(* Let $t\ge 2$. Every $(t,t)$AH-plane $\mathcal{K}$ is a sub-geometry of a $(t,t)$PH-plane: there exist a $(t,t)$PH-plane $\mathcal{H}$ and a line-neighbourhood $N$ of $\mathcal{H}$ such that the incidence structure obtained from $\mathcal{H}$ by deleting all lines in $N$ and all points incident with some line of $N$ (and restricting the remaining lines to the remaining points) is isomorphic to $\mathcal{K}$.
   Context: Projective Hjelmslev plane: an incidence structure $\mathcal{H}$ such that (1) any two points are incident with at least one line; (2) any two lines meet in at least one point; (3) two lines meeting in more than one point are called neighbours; (4) two points incident with more than one common line are called neighbours; (5) there is an incidence-preserving surjection $\phi$ from $\mathcal{H}$ onto an ordinary projective plane with $\phi(P)=\phi(Q)\iff P\sim Q$ for points and $\phi(g)=\phi(h)\iff g\sim h$ for lines (where $\sim$ is the neighbour relation, reflexively extended; it is an equivalence relation, whose classes on lines are called line-neighbourhoods). A $(t,r)$PH-plane is a projective Hjelmslev plane in which each line has $t(r+1)$ points and, for each point $P$ on a line $g$, exactly $t$ points of $g$ are neighbours of $P$ (including $P$). Affine Hjelmslev plane: an incidence structure such that any two points are incident with at least one line, lines meeting in more than one point are neighbours, points incident with more than one common line are neighbours, and there is an incidence-preserving surjection $\phi$ onto an ordinary affine plane with $\phi(P)=\phi(Q)\iff P\sim Q$, $\phi(g)=\phi(h)\iff g\sim h$, and lines with no common point mapped to parallel lines. A $(t,r)$AH-plane is an affine Hjelmslev plane in which each line has $rt$ points and, for each point $P$ on a line $g$, exactly $t$ points of $g$ are neighbours of $P$ (including $P$). *)

theory Defs
  imports Main
begin

text \<open>Incidence structures are given by a point set P, a line set L and an
incidence predicate I (only its values on P x L matter).\<close>

definition collinear3 :: "'l set \<Rightarrow> ('p \<Rightarrow> 'l \<Rightarrow> bool) \<Rightarrow> 'p \<Rightarrow> 'p \<Rightarrow> 'p \<Rightarrow> bool" where
  "collinear3 L I a b c \<longleftrightarrow> (\<exists>g\<in>L. I a g \<and> I b g \<and> I c g)"

definition proj_plane :: "'p set \<Rightarrow> 'l set \<Rightarrow> ('p \<Rightarrow> 'l \<Rightarrow> bool) \<Rightarrow> bool" where
  "proj_plane P L I \<longleftrightarrow>
     (\<forall>p\<in>P. \<forall>q\<in>P. p \<noteq> q \<longrightarrow> (\<exists>!g. g \<in> L \<and> I p g \<and> I q g)) \<and>
     (\<forall>g\<in>L. \<forall>h\<in>L. g \<noteq> h \<longrightarrow> (\<exists>!p. p \<in> P \<and> I p g \<and> I p h)) \<and>
     (\<exists>a\<in>P. \<exists>b\<in>P. \<exists>c\<in>P. \<exists>d\<in>P. distinct [a, b, c, d] \<and>
        \<not> collinear3 L I a b c \<and> \<not> collinear3 L I a b d \<and>
        \<not> collinear3 L I a c d \<and> \<not> collinear3 L I b c d)"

----

WHAT THE TASK REQUIRES: What's needed is a word-for-word copy of the lines from the one holding "(\<exists>a\<in>P. \<exists>b\<in>P. \<exists>c\<in>P." through the final line of the data.

ANSWER:
     (\<exists>a\<in>P. \<exists>b\<in>P. \<exists>c\<in>P. \<exists>d\<in>P. distinct [a, b, c, d] \<and>
        \<not> collinear3 L I a b c \<and> \<not> collinear3 L I a b d \<and>
        \<not> collinear3 L I a c d \<and> \<not> collinear3 L I b c d)"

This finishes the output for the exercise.